Another dynamic duo – how our ‘Soulmate™’ duo interviewing approach worked wonders on a recent project

Who doesn’t love a great duo? Holmes and Watson, the White Stripes, two GPs discussing product choice for effective asthma treatment…… Ok, the last one is pretty specific to healthcare market research, but I’m going somewhere with this. Through this article I want to highlight HRW’s Soulmate™ Duo interviewing technique and tell you about how it can turn a ‘good duo’ into a ‘great duo’.

The thing about a great, well matched, duo is that they just ‘get’ each other. They have had similar lived experiences, or they might do the same kind of work, and they know what the important issues are in their own areas of interest. Their points of reference are in sync. As healthcare market researchers we are aspiring to learn about these issues via respondents, however sometimes we have to step back and acknowledge that, as ‘outsiders’, what we think we need to know about a topic, may not fully encompass what we actually need to know.

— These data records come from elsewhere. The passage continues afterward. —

(* Let $a_1,\dots,a_n\in S^d$, and run Algorithm 2.9 (described in the context). Then $\mathrm{def}\,Q_k\le t^{-1}$ after at most $t^2$ steps. That is, for every real $t\ge1$ and every index $k\ge t^2$ for which $Q_k$ is produced, $\mathrm{def}\,Q_k\le 1/t$.
   Context: $S^d$ is the unit sphere in $\mathbb{R}^{d+1}$ and $O$ is the origin. An index $m$ is a most violated constraint for $x\in S^d$ if $a_m^Tx=\min_j a_j^Tx$. A finite set $Q$ is positively spanning if it is affinely independent and $O\in\mathrm{conv}\,Q$. For affinely independent $Q$ whose projection $O'$ of $O$ onto $\mathrm{aff}\,Q$ lies in $\mathrm{conv}\,Q$, $\mathrm{def}\,Q=\|O'\|$. The touching sphere of an affinely independent $Q$ is the unique sphere $\{z:\|z-C\|=R\}$ with $C\in\mathrm{aff}\,Q$ containing $Q$. Algorithm 2.9: (1) Choose any $j$ and set $k=1$, $x^1=a_j$, $Q_1=\{a_j\}$. (2) If $a_i^Tx^k\ge0$ for all $i$, stop. Otherwise let $m$ be a most violated constraint for $x^k/\|x^k\|$, and let $y$ be the point on the line through $x^k$ and $a_m$ closest to the origin. (3) If $Q_k\cup\{a_m\}$ is positively spanning, stop. (4) Compute the center $C$ of the touching sphere of $Q_k\cup\{a_m\}$. (5) If $C\in\mathrm{conv}(Q_k\cup\{a_m\})$, set $x^{k+1}=C$, $Q_{k+1}=Q_k\cup\{a_m\}$ and $k:=k+1$, then go to (2). (6) Otherwise, let $y$ be the point where $\overline{yC}$ meets the relative boundary of $\mathrm{conv}(Q_k\cup\{a_m\})$. Let $F$ be a facet containing $y$, and let $a_j$ be the vertex of $Q_k$ not in $F$. Set $Q_k:=Q_k\setminus\{a_j\}$ and go to (4). *)

theory Defs
  imports "HOL-Analysis.Analysis"
begin

text \<open>Points live in a Euclidean space of dimension d+1 (= DIM('a)); the unit sphere
  S^d is sphere 0 1.  The origin O is 0.\<close>

definition most_violated :: "(nat \<Rightarrow> 'a::euclidean_space) \<Rightarrow> nat set \<Rightarrow> 'a \<Rightarrow> nat \<Rightarrow> bool" where
  "most_violated a I x m \<longleftrightarrow> m \<in> I \<and> a m \<bullet> x = Min ((\<lambda>j. a j \<bullet> x) ` I)"

definition pos_spanning :: "'a::euclidean_space set \<Rightarrow> bool" where
  "pos_spanning Q \<longleftrightarrow> \<not> affine_dependent Q \<and> 0 \<in> convex hull Q"

definition proj0 :: "'a::euclidean_space set \<Rightarrow> 'a" where
  "proj0 Q = (THE p. p \<in> affine hull Q \<and> (\<forall>z\<in>affine hull Q. norm p \<le> norm z))"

Soulmate™ duo interviewing attempts to address this very issue by adapting the ‘typical’ duo interview and giving respondents the chance to talk about things together, privately (well…maybe an illusion of privacy thanks to the miracle of central location one-way viewing mirrors!). In Soulmate™ interviewing, the two respondents discuss the topic both with the moderator in a structured discussion as well as together without the moderator present.

The concept itself is pretty simple, but the beauty is in that simplicity. As duo respondents are matched on some kind of common ground, it will be easy for them to build rapport throughout the interview. With the moderator absent they have the chance to a) ask each other questions that the moderator may not have thought to ask, or b) discuss emotive topics that they may have been too embarrassed, or found too difficult, to discuss with the moderator present. It can be easier to open up to someone who gets what you’re going through. You know the old saying “two’s company, three’s a crowd”? Sometimes there is truth in that.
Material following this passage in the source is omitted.